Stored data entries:
lemma inj_on_deriv:
  assumes strict: "strictly_convex_on {0..} f"
  shows "inj_on (deriv f) {0<..}"
proof -
  have False if ab: "0 < a" "a < b" and eq: "deriv f a = deriv f b" for a b
  proof -
    define m where "m = (a + b) / 2"
    have "f b - f a = deriv f a * (b - a)"
      using above_tangent[of a b] above_tangent[of b a] ab eq by (simp add: algebra_simps)
    moreover have "deriv f a * (m - a) \<le> f m - f a"
      using above_tangent[of a m] ab unfolding m_def by simp
    moreover have "f m < (f a + f b) / 2"
    proof -
      have "\<forall>x\<in>{0..}. \<forall>y\<in>{0..}. \<forall>u::real. x \<noteq> y \<longrightarrow> 0 < u \<longrightarrow> u < 1 \<longrightarrow>
          f (u * x + (1 - u) * y) < u * f x + (1 - u) * f y"
        using strict unfolding strictly_convex_on_def by blast
      from this[rule_format, of a b "1/2"] ab
      have "f ((1/2) * a + (1 - 1/2) * b) < (1/2) * f a + (1 - 1/2) * f b" by simp
      moreover have "(1/2) * a + (1 - 1/2) * b = m" unfolding m_def by simp
      ultimately show ?thesis by simp
    qed
    ultimately show False unfolding m_def by (simp add: field_simps)
  qed
  then show ?thesis
    by (intro inj_onI) (metis greaterThan_iff linorder_neqE_linordered_idom)
qed

lemma fconj_eq_at_deriv:
  assumes "0 < y" and "deriv f y = t"
  shows "fconj f t = ereal (t * y - f y)"
proof (rule antisym)
  show "fconj f t \<le> ereal (t * y - f y)"
    unfolding fconj_def
  proof (rule SUP_least)
    fix x :: real assume "x \<in> {0..}"
    then have "t * (x - y) \<le> f x - f y" using above_tangent[of y x] assms by simp
    then show "ereal (t * x - f x) \<le> ereal (t * y - f y)" by (simp add: algebra_simps)
  qed
  show "ereal (t * y - f y) \<le> fconj f t" using assms by (intro fenchel_young) simp
qed

definition conj_argmax :: "nat \<Rightarrow> real \<Rightarrow> real" where
  "conj_argmax N t = (SOME x. x \<in> {0..real N} \<and> (\<forall>y\<in>{0..real N}. t * y - f y \<le> t * x - f x))"

lemma conj_argmax:
  "conj_argmax N t \<in> {0..real N}"
  "y \<in> {0..real N} \<Longrightarrow> t * y - f y \<le> t * conj_argmax N t - f (conj_argmax N t)"
proof -
  have "continuous_on {0..real N} (\<lambda>y. t * y - f y)"
    by (intro continuous_intros continuous_on_subset[OF continuous_on_nonneg]) auto
  then have "\<exists>x\<in>{0..real N}. \<forall>y\<in>{0..real N}. t * y - f y \<le> t * x - f x"
    by (intro continuous_attains_sup) auto
  then have "conj_argmax N t \<in> {0..real N} \<and>
      (\<forall>y\<in>{0..real N}. t * y - f y \<le> t * conj_argmax N t - f (conj_argmax N t))"
    unfolding conj_argmax_def by - (rule someI_ex, blast)
  then show "conj_argmax N t \<in> {0..real N}"
    "y \<in> {0..real N} \<Longrightarrow> t * y - f y \<le> t * conj_argmax N t - f (conj_argmax N t)"
    by auto
qed

lemma mono_conj_argmax: "mono (conj_argmax N)"
proof (rule monoI)
  fix t1 t2 :: real assume "t1 \<le> t2"
  have "t1 * conj_argmax N t2 - f (conj_argmax N t2) \<le> t1 * conj_argmax N t1 - f (conj_argmax N t1)"
    "t2 * conj_argmax N t1 - f (conj_argmax N t1) \<le> t2 * conj_argmax N t2 - f (conj_argmax N t2)"
    by (rule conj_argmax(2)[OF conj_argmax(1)])+
  then have "0 \<le> (t2 - t1) * (conj_argmax N t2 - conj_argmax N t1)"
    by (simp add: algebra_simps)
  then show "conj_argmax N t1 \<le> conj_argmax N t2"
    using \<open>t1 \<le> t2\<close> by (cases "t1 = t2") (auto simp: zero_le_mult_iff)
qed

lemma fconj_eq_SUP_conj_argmax:
  "fconj f t = (SUP N. ereal (t * conj_argmax N t - f (conj_argmax N t)))"
  unfolding fconj_def
proof (rule antisym; rule SUP_least)
  fix x :: real assume "x \<in> {0..}"
  then have "x \<in> {0..real (nat \<lceil>x\<rceil>)}" by (auto intro: real_nat_ceiling_ge)
  then have "ereal (t * x - f x) \<le> ereal (t * conj_argmax (nat \<lceil>x\<rceil>) t - f (conj_argmax (nat \<lceil>x\<rceil>) t))"
    using conj_argmax(2) by simp
  then show "ereal (t * x - f x) \<le> (SUP N. ereal (t * conj_argmax N t - f (conj_argmax N t)))"
    by (rule SUP_upper2[rotated]) simp
next
  fix N
  show "ereal (t * conj_argmax N t - f (conj_argmax N t)) \<le> (SUP x\<in>{0..}. ereal (t * x - f x))"
    using conj_argmax(1)[of N t] by (intro SUP_upper) auto
qed

end
lemma card_extensional_funs_le:
  assumes "finite D"
  shows "card {u :: 'b \<Rightarrow> 'a::finite. u \<in> extensional D \<and> P u} \<le> card (UNIV :: 'a set) ^ card D"
proof -
  have "card {u :: 'b \<Rightarrow> 'a. u \<in> extensional D \<and> P u} \<le> card (PiE D (\<lambda>_. UNIV :: 'a set))"
    by (rule card_mono[OF _ extensional_funs_subset_PiE]) (simp add: finite_PiE assms)
  then show ?thesis using assms by (simp add: card_PiE)
qed

lemma Gset_eq_successively:
  "Gset k K = {w. set w \<subseteq> {..<k} \<and> successively (\<lambda>a b. K $$ (a, b) = 1) w}"
  by (simp add: Gset_def successively_conv_nth)

lemma Gset_Nil [simp]: "[] \<in> Gset k K"
  by (simp add: Gset_def)

lemma Gset_Cons_iff:
  "x # w \<in> Gset k K \<longleftrightarrow> x < k \<and> w \<in> Gset k K \<and> (w \<noteq> [] \<longrightarrow> K $$ (x, hd w) = 1)"
  by (auto simp: Gset_eq_successively successively_Cons)

lemma gmul_Nil_left [simp]: "gmul K [] h = h"
  by (cases h) auto

lemma gmul_assoc_Cons:
  "K $$ (i, j) = 1 \<Longrightarrow> gmul K (gmul K g [i]) (j # v) = gmul K g (i # j # v)"
  by (cases "g \<noteq> [] \<and> K $$ (last g, i) = 0") auto

locale presentation =
  fixes k :: nat and K :: "nat mat"
  assumes K_carrier: "K \<in> carrier_mat k k"
    and K_01: "\<forall>i < k. \<forall>j < k. K $$ (i, j) \<in> {0, 1}"
begin

lemma K_pos_iff: "i < k \<Longrightarrow> j < k \<Longrightarrow> 0 < K $$ (i, j) \<longleftrightarrow> K $$ (i, j) = 1"
proof -
  assume "i < k" "j < k"
  then have "K $$ (i, j) \<in> {0, 1}" using K_01 by blast
  then show ?thesis by auto
qed

lemma gmul_closed: "g \<in> Gset k K \<Longrightarrow> h \<in> Gset k K \<Longrightarrow> gmul K g h \<in> Gset k K"
proof (induction h arbitrary: g)
  case (Cons b h)
  have "butlast g \<in> Gset k K"
    using Cons.prems(1) by (auto simp: Gset_def nth_butlast dest: in_set_butlastD)
  moreover have "g @ b # h \<in> Gset k K" if "g = [] \<or> K $$ (last g, b) \<noteq> 0"
  proof -
    have "K $$ (last g, b) = 1" if "g \<noteq> []"
    proof -
      have "last g < k" using Cons.prems(1) last_in_set[OF that] by (auto simp: Gset_def)
      moreover have "b < k" using Cons.prems(2) by (simp add: Gset_Cons_iff)
      ultimately show ?thesis using K_pos_iff \<open>g = [] \<or> K $$ (last g, b) \<noteq> 0\<close> that by simp
    qed
    then show ?thesis
      using Cons.prems by (auto simp: Gset_eq_successively successively_append_iff)
  qed
  moreover have "h \<in> Gset k K" using Cons.prems(2) by (simp add: Gset_Cons_iff)
  ultimately show ?case using Cons by auto
qed simp

definition succs :: "nat \<Rightarrow> nat set" where
  "succs i = {j. j < k \<and> K $$ (i, j) = 1}"

lemma finite_succs [simp]: "finite (succs i)"
  by (simp add: succs_def)

lemma succs_less: "j \<in> succs i \<Longrightarrow> j < k"
  by (simp add: succs_def)

lemma succsI: "i < k \<Longrightarrow> j < k \<Longrightarrow> 0 < K $$ (i, j) \<Longrightarrow> j \<in> succs i"
  by (simp add: succs_def K_pos_iff)

abbreviation stem :: "nat \<Rightarrow> nat \<Rightarrow> nat list set" where
  "stem i n \<equiv> semiball k K [i] n"

lemma stem_eq: "i < k \<Longrightarrow> stem i n = {i # h | h. i # h \<in> Gset k K \<and> length h \<le> n}"
proof -
  assume "i < k"
  have no_cancel: "length (gmul K [i] h) = Suc (length h) \<longleftrightarrow> i # h \<in> Gset k K"
    "i # h \<in> Gset k K \<Longrightarrow> gmul K [i] h = i # h" if "h \<in> Gset k K" for h
    using that \<open>i < k\<close> K_01 by (cases h; force simp: Gset_Cons_iff)+
  show ?thesis unfolding semiball_def
  proof (intro equalityI subsetI)
    fix w assume "w \<in> {gmul K [i] h |h. h \<in> Gset k K \<and> length h \<le> n
        \<and> length (gmul K [i] h) = length [i] + length h}"
    then obtain h where "w = gmul K [i] h" "h \<in> Gset k K" "length h \<le> n"
      "length (gmul K [i] h) = Suc (length h)" by auto
    then show "w \<in> {i # h |h. i # h \<in> Gset k K \<and> length h \<le> n}" using no_cancel by auto
  next
    fix w assume "w \<in> {i # h |h. i # h \<in> Gset k K \<and> length h \<le> n}"
    then obtain h where "w = i # h" "i # h \<in> Gset k K" "length h \<le> n" by blast
    moreover have "h \<in> Gset k K" using \<open>i # h \<in> Gset k K\<close> by (simp add: Gset_Cons_iff)
    ultimately show "w \<in> {gmul K [i] h |h. h \<in> Gset k K \<and> length h \<le> n
        \<and> length (gmul K [i] h) = length [i] + length h}" using no_cancel by force
  qed
qed

lemma stem_finite: "i < k \<Longrightarrow> finite (stem i n)"
proof -
  assume "i < k"
  then have "stem i n \<subseteq> {w. set w \<subseteq> {..<k} \<and> length w \<le> Suc n}"
    by (auto simp: stem_eq Gset_def)
  then show ?thesis using finite_lists_length_le[of "{..<k}" "Suc n"] finite_subset by blast
qed

lemma stem_Suc:
  assumes "i < k"
  shows "stem i (Suc n) = insert [i] (\<Union>j\<in>succs i. Cons i ` stem j n)"
proof (intro equalityI subsetI)
  fix w assume "w \<in> stem i (Suc n)"
  then obtain h where w: "w = i # h" "i # h \<in> Gset k K" "length h \<le> Suc n"
    using stem_eq[OF assms] by blast
  show "w \<in> insert [i] (\<Union>j\<in>succs i. Cons i ` stem j n)"
  proof (cases h)
    case (Cons j v)
    then have "j \<in> succs i" "h \<in> stem j n"
      using w by (auto simp: Gset_Cons_iff succs_def stem_eq)
    then show ?thesis using w by blast
  qed (use w in simp)
next
  fix w assume "w \<in> insert [i] (\<Union>j\<in>succs i. Cons i ` stem j n)"
  then show "w \<in> stem i (Suc n)"
    using assms by (auto simp: stem_eq succs_def Gset_Cons_iff)
qed

lemma card_stem_Suc:
  assumes "i < k"
  shows "card (stem i (Suc n)) = Suc (\<Sum>j\<in>succs i. card (stem j n))"
proof -
  have "card (\<Union>j\<in>succs i. Cons i ` stem j n) = (\<Sum>j\<in>succs i. card (Cons i ` stem j n))"
  proof (rule card_UN_disjoint)
    show "\<forall>j\<in>succs i. finite (Cons i ` stem j n)"
      using succs_less stem_finite by blast
    show "\<forall>j\<in>succs i. \<forall>j'\<in>succs i. j \<noteq> j' \<longrightarrow> Cons i ` stem j n \<inter> Cons i ` stem j' n = {}"
      using succs_less by (auto simp: stem_eq)
  qed simp
  moreover have "[i] \<notin> (\<Union>j\<in>succs i. Cons i ` stem j n)"
    using succs_less by (auto simp: stem_eq)
  ultimately show ?thesis
    using succs_less by (simp add: stem_Suc[OF assms] stem_finite card_image)
qed

lemma card_stem_pos: "i < k \<Longrightarrow> 0 < card (stem i n)"
proof -
  assume "i < k"
  then have "[i] \<in> stem i n" by (simp add: stem_eq Gset_Cons_iff)
  then show ?thesis using stem_finite[OF \<open>i < k\<close>] card_gt_0_iff by blast
qed

lemma card_stem_succ_less: "i < k \<Longrightarrow> j \<in> succs i \<Longrightarrow> card (stem j n) < card (stem i (Suc n))"
  using card_stem_Suc[of i n] member_le_sum[of j "succs i" "\<lambda>j. card (stem j n)"]
  by (simp add: succs_def)

lemma card_stem_walk:
  assumes "(K ^\<^sub>m t) $$ (i, j) > 0" "i < k" "j < k"
  shows "card (stem j n) \<le> card (stem i (n + t))"
proof -
  have "\<forall>n. card (stem j n) \<le> card (stem i (n + t))"
    using K_carrier assms
  proof (rule pow_mat_entry_pos_induct[where Q = "\<lambda>l s. \<forall>n. card (stem l n) \<le> card (stem i (n + s))"])
    fix p l s
    assume "p < k" "l < k" "0 < K $$ (p, l)" and IH: "\<forall>n. card (stem p n) \<le> card (stem i (n + s))"
    then have less: "card (stem l n) < card (stem p (Suc n))" for n
      by (intro card_stem_succ_less succsI)
    show "\<forall>n. card (stem l n) \<le> card (stem i (n + Suc s))"
    proof
      fix n
      have "card (stem l n) \<le> card (stem p (Suc n))" using less[of n] by simp
      also have "\<dots> \<le> card (stem i (Suc n + s))" using IH by blast
      finally show "card (stem l n) \<le> card (stem i (n + Suc s))" by simp
    qed
  qed simp
  then show ?thesis by blast
qed

lemma succs_nonempty:
  assumes "primitive_mat k K" "i < k"
  shows "succs i \<noteq> {}"
proof -
  obtain m where "m \<ge> 1" and walk: "(K ^\<^sub>m m) $$ (i, i) > 0"
    using assms unfolding primitive_mat_def by blast
  \<comment> \<open>the first step of a walk from \<open>i\<close> leads to a successor of \<open>i\<close>\<close>
  have "(m = 0 \<and> i = i) \<or> succs i \<noteq> {}"
    using K_carrier walk assms(2) assms(2)
  proof (rule pow_mat_entry_pos_induct[where Q = "\<lambda>l s. (s = 0 \<and> l = i) \<or> succs i \<noteq> {}"])
    fix p l s :: nat
    assume "p < k" "l < k" "0 < K $$ (p, l)" "(s = 0 \<and> p = i) \<or> succs i \<noteq> {}"
    then show "(Suc s = 0 \<and> l = i) \<or> succs i \<noteq> {}"
      using succsI by blast
  qed simp
  then show ?thesis using \<open>m \<ge> 1\<close> by simp
qed

lemma card_stem_ge:
  assumes "\<And>i. i < k \<Longrightarrow> succs i \<noteq> {}"
  shows "i < k \<Longrightarrow> Suc n \<le> card (stem i n)"
proof (induction n arbitrary: i)
  case 0
  then show ?case using card_stem_pos by (simp add: Suc_le_eq)
next
  case (Suc n)
  then obtain j where "j \<in> succs i" using assms by blast
  then show ?case
    using Suc.IH[of j] card_stem_succ_less[OF Suc.prems, of j n] by (simp add: succs_def)
qed
text \<open>Elementary subgroup E_n(R): generated (as a monoid, hence as a group since
  elementary matrices have elementary inverses) by the elementary matrices.\<close>
inductive_set Elem :: "nat \<Rightarrow> 'a::comm_ring_1 mat set" for n where
  Elem_one: "1\<^sub>m n \<in> Elem n"
| Elem_step: "E \<in> Elem n \<Longrightarrow> i < n \<Longrightarrow> j < n \<Longrightarrow> i \<noteq> j \<Longrightarrow> E * elem_mat n i j a \<in> Elem n"

definition stab :: "'a::comm_ring_1 mat \<Rightarrow> nat \<Rightarrow> 'a mat" where
  "stab G k = bdiag G (1\<^sub>m (k - dim_row G))"

definition K1_equiv :: "'a::comm_ring_1 mat \<Rightarrow> 'a mat \<Rightarrow> bool" where
  "K1_equiv G H = (\<exists>k E. dim_row G \<le> k \<and> dim_row H \<le> k \<and> E \<in> Elem k \<and>
      stab G k = stab H k * E)"

definition psi2 :: "'a::comm_ring_1 mat" where
  "psi2 = mat 2 2 (\<lambda>(i,j). if i = 0 \<and> j = 1 then 1 else if i = 1 \<and> j = 0 then -1 else 0)"

text \<open>psi r is the matrix psi_{2r}.\<close>
fun psi :: "nat \<Rightarrow> 'a::comm_ring_1 mat" where
  "psi 0 = 0\<^sub>m 0 0"
| "psi (Suc r) = bdiag psi2 (psi r)"

definition alternating :: "'a::comm_ring_1 mat \<Rightarrow> bool" where
  "alternating A = (square_mat A \<and> transpose_mat A = - A \<and> (\<forall>i < dim_row A. A $$ (i,i) = 0))"

definition Sp' :: "nat \<Rightarrow> 'a::comm_ring_1 mat set" where
  "Sp' n = {G. G \<in> carrier_mat (2*n) (2*n) \<and> alternating G \<and> invertible_mat G}"

definition S' :: "'a::comm_ring_1 mat set" where
  "S' = (\<Union>n. Sp' n)"

definition W_equiv :: "'a::comm_ring_1 mat \<Rightarrow> 'a mat \<Rightarrow> bool" where
  "W_equiv G G' = (\<exists>n m. G \<in> Sp' n \<and> G' \<in> Sp' m \<and>
     (\<exists>t E. E \<in> Elem (2*(m+n+t)) \<and>
        bdiag G (psi (m+t)) = transpose_mat E * bdiag G' (psi (n+t)) * E))"

definition eta :: "'a::comm_ring_1 mat \<Rightarrow> 'a mat" where
  "eta G = (if even (dim_row G) then transpose_mat G * psi (dim_row G div 2) * G
            else transpose_mat (bdiag G (1\<^sub>m 1)) * psi (dim_row G div 2 + 1) * bdiag G (1\<^sub>m 1))"

end

theory Submission
  imports Defs
begin

text \<open>For G of even size, \<eta>(G) = G^T \<psi> G is congruent to the alternating invertible matrix \<psi>,
  hence lies in S'. Odd matrices are first padded by 1, and stabilising G to G \<perp> 1 only appends
  blocks \<psi>_2 to \<eta>(G). Replacing G by G E with E elementary replaces \<eta>(G) by the congruent
  matrix E^T \<eta>(G) E, so \<eta> respects equality in K_1. Finally, by Whitehead's lemma
  W = H \<perp> H\<inverse> is elementary, and (G H) \<perp> 1 = (G \<perp> H) W gives
  \<eta>(G H) \<perp> \<psi> \<sim> \<eta>(G) \<perp> \<eta>(H).\<close>

lemma dim_bdiag [simp]:
  "dim_row (bdiag A B) = dim_row A + dim_row B"
  "dim_col (bdiag A B) = dim_col A + dim_col B"
  unfolding bdiag_def by auto

lemma bdiag_carrier_mat [simp]:
  "A \<in> carrier_mat a a \<Longrightarrow> B \<in> carrier_mat b b \<Longrightarrow> bdiag A B \<in> carrier_mat (a + b) (a + b)"
  unfolding bdiag_def by auto

lemma bdiag_mult:
  assumes "A \<in> carrier_mat a a" "A' \<in> carrier_mat a a" "B \<in> carrier_mat b b" "B' \<in> carrier_mat b b"
  shows "bdiag A B * bdiag A' B' = bdiag (A * A') (B * B')"
  unfolding bdiag_def using assms by (subst mult_four_block_mat[of A a a _ b _ b B A' a _ b]) auto

lemma transpose_bdiag:
  assumes "A \<in> carrier_mat a a" "B \<in> carrier_mat b b"
  shows "transpose_mat (bdiag A B) = bdiag (transpose_mat A) (transpose_mat B)"
  unfolding bdiag_def using assms by (subst transpose_four_block_mat[of A a a _ b _ b B]) auto

lemma bdiag_assoc:
  assumes "A \<in> carrier_mat a a" "B \<in> carrier_mat b b" "C \<in> carrier_mat c c"
  shows "bdiag (bdiag A B) C = bdiag A (bdiag B C)"
  by (rule eq_matI) (use assms in \<open>auto simp: bdiag_def\<close>)

lemma bdiag_one_mat [simp]: "bdiag (1\<^sub>m a) (1\<^sub>m b) = 1\<^sub>m (a + b)"
  unfolding bdiag_def by simp

lemma bdiag_uminus:
  fixes A :: "'a::ring mat"
  assumes "A \<in> carrier_mat a a" "B \<in> carrier_mat b b"
  shows "bdiag (- A) (- B) = - bdiag A B"
  by (rule eq_matI) (use assms in \<open>auto simp: bdiag_def\<close>)

lemma bdiag_empty_right: "B \<in> carrier_mat 0 0 \<Longrightarrow> bdiag A B = A"
  by (rule eq_matI) (auto simp: bdiag_def)

lemma bdiag_empty_left: "A \<in> carrier_mat 0 0 \<Longrightarrow> bdiag A B = B"
  by (rule eq_matI) (auto simp: bdiag_def)

definition inverse_mats :: "nat \<Rightarrow> 'a::comm_ring_1 mat \<Rightarrow> 'a mat \<Rightarrow> bool" where
  "inverse_mats n A B \<longleftrightarrow>
     A \<in> carrier_mat n n \<and> B \<in> carrier_mat n n \<and> A * B = 1\<^sub>m n \<and> B * A = 1\<^sub>m n"

lemma inverse_mats_mult:
  assumes "inverse_mats n A B" "inverse_mats n C D"
  shows "inverse_mats n (A * C) (D * B)"
proof -
  have c: "A \<in> carrier_mat n n" "B \<in> carrier_mat n n" "C \<in> carrier_mat n n" "D \<in> carrier_mat n n"
    and e: "A * B = 1\<^sub>m n" "B * A = 1\<^sub>m n" "C * D = 1\<^sub>m n" "D * C = 1\<^sub>m n"
    using assms by (auto simp: inverse_mats_def)
  have "A * C * (D * B) = A * (C * D) * B" "D * B * (A * C) = D * (B * A) * C"
    using c by (simp_all add: assoc_mult_mat[of _ n n _ n _ n])
  then show ?thesis using c e by (simp add: inverse_mats_def)
qed

lemma inverse_mats_transpose:
  assumes "inverse_mats n A B"
  shows "inverse_mats n (transpose_mat A) (transpose_mat B)"
proof -
  have c: "A \<in> carrier_mat n n" "B \<in> carrier_mat n n" and "A * B = 1\<^sub>m n" "B * A = 1\<^sub>m n"
    using assms by (auto simp: inverse_mats_def)
  moreover have "transpose_mat A * transpose_mat B = transpose_mat (B * A)"
    "transpose_mat B * transpose_mat A = transpose_mat (A * B)"
    using c by (simp_all add: transpose_mult)
  ultimately show ?thesis by (simp add: inverse_mats_def)
qed

lemma inverse_mats_bdiag:
  "inverse_mats a A B \<Longrightarrow> inverse_mats b C D \<Longrightarrow> inverse_mats (a + b) (bdiag A C) (bdiag B D)"
  unfolding inverse_mats_def by (auto simp: bdiag_mult)

lemma inverse_mats_one: "inverse_mats n (1\<^sub>m n) (1\<^sub>m n)"
  by (auto simp: inverse_mats_def)

lemma inverse_mats_invertible_mat: "inverse_mats n A B \<Longrightarrow> invertible_mat A"
  unfolding inverse_mats_def invertible_mat_def inverts_mat_def by auto

lemma GL_iff_inverse_mats: "G \<in> GL n \<longleftrightarrow> (\<exists>B. inverse_mats n G B)"
proof
  assume "G \<in> GL n"
  then have G: "G \<in> carrier_mat n n" and "invertible_mat G"
    by (simp_all add: GL_def)
  then obtain B where "inverts_mat G B" "inverts_mat B G"
    unfolding invertible_mat_def by blast
  then have GB: "G * B = 1\<^sub>m n" and BG: "B * G = 1\<^sub>m (dim_row B)"
    using G by (simp_all add: inverts_mat_def)
  have "dim_col B = n"
    using arg_cong[OF GB, of dim_col] by simp
  moreover have "dim_row B = n"
    using arg_cong[OF BG, of dim_col] G by simp
  ultimately have B: "B \<in> carrier_mat n n"
    by blast
  then have "B * G = 1\<^sub>m n"
    using BG by simp
  with G B GB show "\<exists>B. inverse_mats n G B"
    unfolding inverse_mats_def by blast
next
  assume "\<exists>B. inverse_mats n G B"
  then obtain B where B: "inverse_mats n G B" ..
  then have "G \<in> carrier_mat n n"
    by (simp add: inverse_mats_def)
  with inverse_mats_invertible_mat[OF B] show "G \<in> GL n"
    by (simp add: GL_def)
qed

lemma GL_carrier_mat: "G \<in> GL n \<Longrightarrow> G \<in> carrier_mat n n"
  by (simp add: GL_def)

lemma GL_mult: "G \<in> GL n \<Longrightarrow> H \<in> GL n \<Longrightarrow> G * H \<in> GL n"
  unfolding GL_iff_inverse_mats using inverse_mats_mult by blast

lemma GL_bdiag_one: "G \<in> GL m \<Longrightarrow> bdiag G (1\<^sub>m s) \<in> GL (m + s)"
  unfolding GL_iff_inverse_mats using inverse_mats_bdiag inverse_mats_one by blast

section \<open>The standard alternating form\<close>

lemma psi2_carrier_mat [simp]: "psi2 \<in> carrier_mat 2 2"
  unfolding psi2_def by auto

lemma psi_carrier_mat [simp]: "psi r \<in> carrier_mat (2 * r) (2 * r)"
proof (induction r)
  case (Suc r)
  have "2 * Suc r = 2 + 2 * r" by simp
  then show ?case
    using bdiag_carrier_mat[OF psi2_carrier_mat Suc.IH] by (simp only: psi.simps)
qed simp

lemma dim_psi [simp]: "dim_row (psi r) = 2 * r" "dim_col (psi r) = 2 * r"
  by (rule carrier_matD[OF psi_carrier_mat])+

lemma psi_add: "psi (a + b) = bdiag (psi a) (psi b)"
proof (induction a)
  case (Suc a)
  then show ?case
    by (simp add: bdiag_assoc[OF psi2_carrier_mat psi_carrier_mat psi_carrier_mat])
qed (simp add: bdiag_empty_left)

lemma psi2_square: "psi2 * psi2 = - 1\<^sub>m 2"
  by (rule eq_matI) (auto simp: psi2_def scalar_prod_def numeral_2_eq_2 less_Suc_eq)

lemma psi_square: "psi r * psi r = (- 1\<^sub>m (2 * r) :: 'a::comm_ring_1 mat)"
proof (induction r)
  case (Suc r)
  have "psi (Suc r) * psi (Suc r) = bdiag (psi2 * psi2) (psi r * psi r :: 'a mat)"
    by (simp add: bdiag_mult[of psi2 2 psi2 "psi r" "2 * r"])
  also have "\<dots> = bdiag (- 1\<^sub>m 2) (- 1\<^sub>m (2 * r))"
    by (simp only: psi2_square Suc.IH)
  also have "\<dots> = - 1\<^sub>m (2 * Suc r)"
    by (simp add: bdiag_uminus[of "1\<^sub>m 2" 2 "1\<^sub>m (2 * r)" "2 * r"])
  finally show ?case .
qed (rule eq_matI; auto)

lemma transpose_psi: "transpose_mat (psi r) = (- psi r :: 'a::comm_ring_1 mat)"
proof (induction r)
  case (Suc r)
  have psi2: "transpose_mat psi2 = (- psi2 :: 'a mat)"
    by (rule eq_matI) (auto simp: psi2_def numeral_2_eq_2 less_Suc_eq)
  have "transpose_mat (psi (Suc r)) = bdiag (transpose_mat psi2) (transpose_mat (psi r :: 'a mat))"
    by (simp add: transpose_bdiag[of psi2 2 "psi r" "2 * r"])
  also have "\<dots> = bdiag (- psi2) (- psi r)"
    by (simp only: psi2 Suc.IH)
  also have "\<dots> = - psi (Suc r)"
    by (simp add: bdiag_uminus[of psi2 2 "psi r" "2 * r"])
  finally show ?case .
qed (rule eq_matI; auto)

lemma psi_diag: "i < 2 * r \<Longrightarrow> psi r $$ (i, i) = 0"
proof (induction r arbitrary: i)
  case (Suc r)
  then show ?case
    by (cases "i < 2") (auto simp: bdiag_def psi2_def numeral_2_eq_2 less_Suc_eq)
qed simp

lemma alternating_psi: "alternating (psi r)"
  unfolding alternating_def by (simp add: transpose_psi psi_diag)

lemma inverse_mats_psi: "inverse_mats (2 * r) (psi r) (- psi r)"
  unfolding inverse_mats_def by (auto simp: psi_square)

◆ TASK TO COMPLETE ◆
Filter the data for the string "lceil" and copy every line that has it.

◆ RESPONSE ◆
  then have "x \<in> {0..real (nat \<lceil>x\<rceil>)}" by (auto intro: real_nat_ceiling_ge)
  then have "ereal (t * x - f x) \<le> ereal (t * conj_argmax (nat \<lceil>x\<rceil>) t - f (conj_argmax (nat \<lceil>x\<rceil>) t))"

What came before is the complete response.